Strings are similar to int
objects in many ways. For one thing, a string is a sequence of integers. ASCII is a representation of characters using 1 to 127, so at their base, ASCII strings are an array of 1 byte integers. Python strings use unicode, so they require larger storage for each character, but work similarly in principal. Analogous to the optimization strategy used for integers, str
objects below a certain length are stored in a table of constant strings. If two strings need to be compared and meet the criteria for storage (it is technically called interning) they can be compared by address rather than character by character since the interpreter knows to first look at the table of constant strings. Thus, things like this can happen:
>>> s1 = "A random word"
>>> s2 = "A random word"
>>> s1 is s2
False
>>> s1 = "Arandomword"
>>> s2 = "Arandomword"
>>> s1 is s2
True
Apparently, strings without spaces are interned, but those with spaces are not.
Why Does the Treatment of Mutable and Immutable Objects Matter:
I have shown some of the effects that can be seen from using immutable and mutable types. But there are some more subtle differences that arise when passing objects into functions. Since all variables are passed by reference in Python, the function they are passed to can directly manipulate the data of their arguments. That’s one reason why tuples
are so useful: they act like lists but prevent the callee from accidentally changing the data in the caller’s scope. One consequence is that if you pass a mutable data type into a function you should be prepared for it to change. Since immutable types cannot be changed you must also be mindful of when operations performed inside a function will not propagate to the caller, e.g. operations of ints
. Furthermore, not all operations on mutable types have the effect of mutating them in-place.
For list
objects, any slice operation makes a copy of the part of the list being sliced. Adding two list
objects together also creates a new list. However, inline addition does not create a new list
:
>>> a = [1, 2]
>>> id(a)
140441783766856
>>> a = a + a
>>> id(a)
140441780552200
>>> a
[1, 2, 1, 2]
>>> a *= 2
>>> a
[1, 2, 1, 2, 1, 2, 1, 2]
>>> id(a)
140441780552200
So, inline operations are performed in-place, while the longer version is not. This is particularly interesting as the inline version is usually seen as a shorthand for the longer one, but the effect is different. Thus, in a function you would have two drastically different results depending on which method you chose. In general, regular assignment (not inline operations, such as *=
) creates a new object unless it is purely of the form a = b
.
In the case of immutable objects, all mutating operations give rise to new objects, so if you actually want to change the value of a variable you either need to reassign it by capturing the return value of a function or do the operation in the block in which the object was created.

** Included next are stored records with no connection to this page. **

lemma level_cancel_r_power: "r ^ d * T \<in> level (K + d) \<Longrightarrow> T \<in> level K"
proof (induction d)
  case 0
  then show ?case by simp
next
  case (Suc d)
  then have "r ^ Suc d * T div r \<in> level (K + d)" by (intro level_div_r) simp_all
  then show ?case using Suc.IH r_pos by simp
qed

lemma level_bound: "X \<in> level m \<Longrightarrow> X + a * r ^ m = s ^ Suc m \<Longrightarrow> 0 < a \<Longrightarrow> a \<le> s"
proof (induction m arbitrary: X)
  case 0
  then show ?case by simp
next
  case (Suc m)
  obtain U b where X: "X = r * U + b * s ^ Suc m" "U \<in> level m" "b \<in> B"
    using Suc.prems(1) by auto
  have eq: "r * (U + a * r ^ m) + b * s ^ Suc m = s * s ^ Suc m"
    using Suc.prems(2) X(1) by (simp add: algebra_simps)
  then have "b \<le> s" using s_pos by (metis le_add2 mult_le_cancel2 zero_less_power)
  with eq have eq': "r * (U + a * r ^ m) = (s - b) * s ^ Suc m"
    by (simp add: diff_mult_distrib)
  then have r_dvd: "r dvd s - b"
    using coprime_r_s by (metis coprime_dvd_mult_left_iff coprime_power_right_iff dvd_triv_left)
  txt \<open>The top digit b is s modulo r, and the elements of B below s - r are multiples of r.\<close>
  have "b = s - r"
  proof (rule ccontr)
    assume b_ne: "b \<noteq> s - r"
    have "b \<noteq> s" using eq' Suc.prems(3) r_pos by auto
    with r_dvd \<open>b \<le> s\<close> have "r \<le> s - b" by (simp add: dvd_imp_le)
    with b_ne have "r dvd b" using X(3) \<open>b \<le> s\<close> by (intro dvd_if_gen_monoid_pair_less) auto
    with r_dvd have "r dvd s" using \<open>b \<le> s\<close> by (metis dvd_add le_add_diff_inverse)
    then show False using coprime_common_divisor_nat[OF coprime_r_s dvd_refl] r_gt_1 by simp
  qed
  with eq' r_le_s r_pos have "U + a * r ^ m = s ^ Suc m" by simp
  then show ?case using Suc.IH X(2) Suc.prems(3) by blast
qed

lemma level_fraction_lift:
  "(of_nat (r ^ j * T) :: rat) / of_nat r ^ Suc (K + j) = of_nat T / of_nat r ^ Suc K"
  using r_pos by (simp add: power_add)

One last oddity can be seen in the treatment of tuples
. As described above, tuples
are immutable. They do not support item assignment. However, it is possible for an element of a tuple
to be a mutable type, such as a list
or dict
. Because the tuple
is merely an ordered collection of references to other objects, as long as the address of the object it contains does not change, the tuple
will still be unmutated. One consequence is that in order to use a tuple
as a key in a dictionary, you must not use mutable objects as elements. The interpreter will give you an error if you try. Conversely, even though dictionaries are mutable, the keys must be immutable in ordering for hashing to work properly. So there is so overlap in these types.
Conclusion:
Knowledge of the underlying objects and how they behave is important to getting the desired output. It also helps to understand some of the language design considerations. Hopefully someone found this helpful.